**WORK TO BE COMPLETED:**
Each line below that holds the string "rule" counts once; report the total and nothing else.

+-------+

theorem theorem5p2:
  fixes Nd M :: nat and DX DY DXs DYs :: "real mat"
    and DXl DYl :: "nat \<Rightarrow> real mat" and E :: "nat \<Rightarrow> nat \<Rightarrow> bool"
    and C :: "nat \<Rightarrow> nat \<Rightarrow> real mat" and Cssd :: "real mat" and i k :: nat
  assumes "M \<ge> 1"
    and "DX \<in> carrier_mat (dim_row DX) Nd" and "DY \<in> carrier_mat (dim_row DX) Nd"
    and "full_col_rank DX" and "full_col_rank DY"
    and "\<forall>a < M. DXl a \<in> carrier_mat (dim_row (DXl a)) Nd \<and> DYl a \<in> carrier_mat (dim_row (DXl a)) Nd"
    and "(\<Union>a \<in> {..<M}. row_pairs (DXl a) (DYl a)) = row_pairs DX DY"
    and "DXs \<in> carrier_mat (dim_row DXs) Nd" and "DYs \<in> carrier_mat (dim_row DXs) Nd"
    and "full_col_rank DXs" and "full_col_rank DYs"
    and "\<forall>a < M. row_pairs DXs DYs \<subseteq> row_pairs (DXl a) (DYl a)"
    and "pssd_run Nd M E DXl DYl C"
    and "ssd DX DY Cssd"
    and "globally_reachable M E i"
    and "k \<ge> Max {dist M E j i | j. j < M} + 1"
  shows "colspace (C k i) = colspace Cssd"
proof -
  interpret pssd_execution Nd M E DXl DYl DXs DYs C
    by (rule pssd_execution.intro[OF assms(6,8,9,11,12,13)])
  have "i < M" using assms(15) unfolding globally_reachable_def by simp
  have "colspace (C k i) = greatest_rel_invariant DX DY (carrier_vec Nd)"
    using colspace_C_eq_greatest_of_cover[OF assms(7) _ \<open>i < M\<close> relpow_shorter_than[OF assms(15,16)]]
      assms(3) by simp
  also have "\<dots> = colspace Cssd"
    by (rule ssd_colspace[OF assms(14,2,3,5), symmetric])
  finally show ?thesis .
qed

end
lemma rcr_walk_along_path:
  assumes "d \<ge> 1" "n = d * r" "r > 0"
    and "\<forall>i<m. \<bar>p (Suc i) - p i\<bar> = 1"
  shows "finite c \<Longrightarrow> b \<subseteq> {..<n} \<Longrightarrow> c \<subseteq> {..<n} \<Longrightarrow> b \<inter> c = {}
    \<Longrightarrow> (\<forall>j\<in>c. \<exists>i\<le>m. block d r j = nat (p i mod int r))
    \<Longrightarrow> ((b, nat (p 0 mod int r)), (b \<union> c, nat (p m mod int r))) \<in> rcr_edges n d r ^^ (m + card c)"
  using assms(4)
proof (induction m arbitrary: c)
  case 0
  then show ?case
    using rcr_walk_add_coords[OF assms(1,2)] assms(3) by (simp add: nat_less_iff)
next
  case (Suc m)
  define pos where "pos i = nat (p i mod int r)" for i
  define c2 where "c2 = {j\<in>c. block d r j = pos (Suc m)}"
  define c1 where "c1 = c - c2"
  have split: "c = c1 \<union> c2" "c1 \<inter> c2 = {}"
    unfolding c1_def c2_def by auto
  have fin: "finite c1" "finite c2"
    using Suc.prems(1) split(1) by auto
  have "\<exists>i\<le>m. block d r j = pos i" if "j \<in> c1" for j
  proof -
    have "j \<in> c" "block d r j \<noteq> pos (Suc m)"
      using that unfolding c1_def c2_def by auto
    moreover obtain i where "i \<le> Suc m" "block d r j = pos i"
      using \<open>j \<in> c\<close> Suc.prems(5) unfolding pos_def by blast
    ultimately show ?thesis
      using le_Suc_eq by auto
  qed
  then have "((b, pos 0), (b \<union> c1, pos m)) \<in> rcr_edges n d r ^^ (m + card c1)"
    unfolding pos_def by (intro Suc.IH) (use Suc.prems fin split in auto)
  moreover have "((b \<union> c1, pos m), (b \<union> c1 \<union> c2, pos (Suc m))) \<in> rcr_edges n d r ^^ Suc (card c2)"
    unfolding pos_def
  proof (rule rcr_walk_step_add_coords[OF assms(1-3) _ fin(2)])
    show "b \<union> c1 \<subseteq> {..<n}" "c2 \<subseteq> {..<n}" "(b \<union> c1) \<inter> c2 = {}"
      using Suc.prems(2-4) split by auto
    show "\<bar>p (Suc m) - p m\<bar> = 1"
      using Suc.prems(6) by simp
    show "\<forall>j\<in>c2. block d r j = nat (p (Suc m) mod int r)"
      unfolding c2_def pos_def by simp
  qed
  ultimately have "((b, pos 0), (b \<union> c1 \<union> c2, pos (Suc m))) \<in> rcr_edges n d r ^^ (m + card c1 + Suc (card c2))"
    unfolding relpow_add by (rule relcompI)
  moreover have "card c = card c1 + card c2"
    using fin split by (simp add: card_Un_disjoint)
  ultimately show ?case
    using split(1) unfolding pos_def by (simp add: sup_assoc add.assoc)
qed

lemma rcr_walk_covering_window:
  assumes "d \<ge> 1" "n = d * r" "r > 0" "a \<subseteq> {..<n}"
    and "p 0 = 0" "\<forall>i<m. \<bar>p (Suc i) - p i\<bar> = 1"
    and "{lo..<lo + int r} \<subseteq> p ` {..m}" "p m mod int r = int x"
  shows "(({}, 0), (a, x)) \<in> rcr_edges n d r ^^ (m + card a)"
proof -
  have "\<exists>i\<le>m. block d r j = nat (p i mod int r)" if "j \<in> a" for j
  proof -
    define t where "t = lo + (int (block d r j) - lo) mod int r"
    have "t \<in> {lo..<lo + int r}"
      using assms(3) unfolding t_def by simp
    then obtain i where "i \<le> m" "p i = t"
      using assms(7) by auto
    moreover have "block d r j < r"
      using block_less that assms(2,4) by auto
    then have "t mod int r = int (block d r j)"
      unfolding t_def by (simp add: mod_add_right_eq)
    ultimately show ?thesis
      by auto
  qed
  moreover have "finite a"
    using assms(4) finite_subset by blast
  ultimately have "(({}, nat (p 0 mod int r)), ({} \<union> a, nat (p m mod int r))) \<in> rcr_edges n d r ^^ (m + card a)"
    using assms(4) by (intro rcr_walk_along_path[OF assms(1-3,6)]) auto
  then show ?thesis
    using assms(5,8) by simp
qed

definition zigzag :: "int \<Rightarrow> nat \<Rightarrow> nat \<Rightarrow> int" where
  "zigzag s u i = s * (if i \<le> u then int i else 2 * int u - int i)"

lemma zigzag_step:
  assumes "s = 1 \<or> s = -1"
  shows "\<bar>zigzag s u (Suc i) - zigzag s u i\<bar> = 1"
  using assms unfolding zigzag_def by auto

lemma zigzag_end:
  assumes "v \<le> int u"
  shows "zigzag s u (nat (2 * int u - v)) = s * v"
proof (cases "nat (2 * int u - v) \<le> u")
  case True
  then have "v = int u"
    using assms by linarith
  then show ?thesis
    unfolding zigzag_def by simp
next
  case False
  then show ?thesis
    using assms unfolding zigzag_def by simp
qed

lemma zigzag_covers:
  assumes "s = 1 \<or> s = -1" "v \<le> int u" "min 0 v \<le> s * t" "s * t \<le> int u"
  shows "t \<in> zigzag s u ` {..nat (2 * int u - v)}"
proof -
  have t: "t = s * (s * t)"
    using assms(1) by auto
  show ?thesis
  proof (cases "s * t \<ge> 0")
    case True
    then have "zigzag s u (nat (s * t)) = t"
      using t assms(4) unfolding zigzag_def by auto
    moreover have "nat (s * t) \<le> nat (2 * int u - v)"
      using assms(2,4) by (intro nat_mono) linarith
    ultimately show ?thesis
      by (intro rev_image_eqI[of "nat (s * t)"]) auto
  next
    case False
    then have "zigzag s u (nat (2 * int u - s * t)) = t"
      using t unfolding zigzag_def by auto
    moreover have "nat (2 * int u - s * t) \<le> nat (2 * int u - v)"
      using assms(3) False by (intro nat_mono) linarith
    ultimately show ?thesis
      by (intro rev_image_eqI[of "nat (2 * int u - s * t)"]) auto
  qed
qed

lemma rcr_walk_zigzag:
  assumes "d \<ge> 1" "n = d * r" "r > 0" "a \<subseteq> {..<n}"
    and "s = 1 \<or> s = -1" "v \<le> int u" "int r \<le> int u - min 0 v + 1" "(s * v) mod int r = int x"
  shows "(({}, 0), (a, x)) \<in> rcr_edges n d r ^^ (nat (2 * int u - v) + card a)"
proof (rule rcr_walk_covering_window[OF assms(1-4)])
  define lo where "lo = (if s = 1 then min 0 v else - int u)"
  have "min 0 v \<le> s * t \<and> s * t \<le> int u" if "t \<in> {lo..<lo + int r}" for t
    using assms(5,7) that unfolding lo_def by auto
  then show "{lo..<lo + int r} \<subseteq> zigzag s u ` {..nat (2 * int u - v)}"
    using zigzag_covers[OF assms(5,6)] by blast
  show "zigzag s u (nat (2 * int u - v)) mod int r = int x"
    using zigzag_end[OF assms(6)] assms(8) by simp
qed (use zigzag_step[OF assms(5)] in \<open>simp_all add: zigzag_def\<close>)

+-------+

**RESPONSE TO THE EXERCISE:**
5